§ The task
Below are some records; copy each line in them that contains "longleftrightarrow".

§ Task data
┌────────

lemma doubleton_in_cycle_edges_iff:
  assumes "distinct C" "i < length C" "j < length C"
  shows "{C ! i, C ! j} \<in> cycle_edges C \<longleftrightarrow> j = Suc i mod length C \<or> i = Suc j mod length C"
proof -
  have lt: "Suc k mod length C < length C" for k
    by (rule mod_less_divisor) (use assms(2) in linarith)
  have "{C ! i, C ! j} = {C ! k, C ! (Suc k mod length C)} \<longleftrightarrow>
        (i = k \<and> j = Suc k mod length C) \<or> (j = k \<and> i = Suc k mod length C)" if "k < length C" for k
    using assms that lt[of k] by (auto simp: doubleton_eq_iff nth_eq_iff_index_eq)
  then show ?thesis
    using assms unfolding cycle_edges_def by auto
qed

lemma no_chord_at_second_vertex:
  assumes cyc: "is_cycle E C"
    and chords: "\<forall>e \<in> {e \<in> E. e \<subseteq> set C} - cycle_edges C. C ! 0 \<in> e"
    and j: "3 \<le> j" "j < length C"
  shows "{C ! 1, C ! j} \<notin> E"
proof
  assume edge: "{C ! 1, C ! j} \<in> E"
  have "distinct C"
    using cyc unfolding is_cycle_def by simp
  have "Suc j mod length C \<noteq> 1"
    using j by (cases "Suc j = length C") auto
  with j have "{C ! 1, C ! j} \<notin> cycle_edges C"
    using doubleton_in_cycle_edges_iff[OF \<open>distinct C\<close>, of 1 j] by simp
  moreover have "{C ! 1, C ! j} \<subseteq> set C"
    using j by simp
  ultimately have "{C ! 1, C ! j} \<in> {e \<in> E. e \<subseteq> set C} - cycle_edges C"
    using edge by simp
  with chords have "C ! 0 \<in> {C ! 1, C ! j}"
    by (rule bspec)
  moreover have "0 < length C" "1 < length C"
    using j by linarith+
  then have "C ! 0 \<noteq> C ! 1" "C ! 0 \<noteq> C ! j"
    using nth_eq_iff_index_eq[OF \<open>distinct C\<close>] j by (metis zero_neq_one, metis not_numeral_le_zero)
  ultimately show False
    by auto
qed

lemma degree_outside_add_induced_le:
  assumes "finite E" "W \<inter> U = {}" "v \<in> U"
  shows "card {w \<in> W. {w, v} \<in> E} + degree {e \<in> E. e \<subseteq> U} v \<le> degree E v"
proof -
  let ?out = "{e \<in> E. v \<in> e \<and> \<not> e \<subseteq> U}"
  have "card {w \<in> W. {w, v} \<in> E} \<le> card ?out"
    by (rule card_inj_on_le[where f = "\<lambda>w. {w, v}"])
      (use assms in \<open>auto simp: inj_on_def doubleton_eq_iff\<close>)
  moreover have "degree E v = card ?out + degree {e \<in> E. e \<subseteq> U} v"
    unfolding degree_def using assms(1)
    by (subst card_Un_disjoint[symmetric]) (auto intro!: arg_cong[where f = card])
  ultimately show ?thesis
    by simp
qed

section \<open>Deleting vertices from a minimal counterexample\<close>

lemma simple_graph_induced:
  assumes "simple_graph V E" "U \<subseteq> V"
  shows "simple_graph U {e \<in> E. e \<subseteq> U}"
  unfolding simple_graph_def
proof (intro conjI ballI)
  show "finite U"
    using assms unfolding simple_graph_def by (meson finite_subset)
  fix e assume e: "e \<in> {e \<in> E. e \<subseteq> U}"
  then have "e \<in> E"
    by simp
  then obtain u v where "e = {u, v}" "u \<noteq> v"
    using assms(1) unfolding simple_graph_def by meson
  with e show "\<exists>u v. e = {u, v} \<and> u \<noteq> v \<and> u \<in> U \<and> v \<in> U"
    by auto
qed

lemma plane_graph_induced:
  assumes pg: "plane_graph V E pos curve" and "U \<subseteq> V"
  shows "plane_graph U {e \<in> E. e \<subseteq> U} pos curve"
proof -
  have "path_image (curve e) \<inter> pos ` U = pos ` e" if "e \<in> E" "e \<subseteq> U" for e
  proof -
    have "path_image (curve e) \<inter> pos ` V = pos ` e"
      using pg that(1) unfolding plane_graph_def by simp
    with that(2) \<open>U \<subseteq> V\<close> show ?thesis
      by blast
  qed
  moreover have "simple_graph V E"
    using pg unfolding plane_graph_def by simp
  then have "simple_graph U {e \<in> E. e \<subseteq> U}"
    using \<open>U \<subseteq> V\<close> by (rule simple_graph_induced)
  moreover have "inj_on pos V"
    using pg unfolding plane_graph_def by simp
  then have "inj_on pos U"
    using \<open>U \<subseteq> V\<close> by (rule inj_on_subset)
  ultimately show ?thesis
    using pg unfolding plane_graph_def by simp
qed

lemma is_cycle_mono: "is_cycle E' C \<Longrightarrow> E' \<subseteq> E \<Longrightarrow> is_cycle E C"
  unfolding is_cycle_def by blast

└────────

§ Your solution
  shows "{C ! i, C ! j} \<in> cycle_edges C \<longleftrightarrow> j = Suc i mod length C \<or> i = Suc j mod length C"
  have "{C ! i, C ! j} = {C ! k, C ! (Suc k mod length C)} \<longleftrightarrow>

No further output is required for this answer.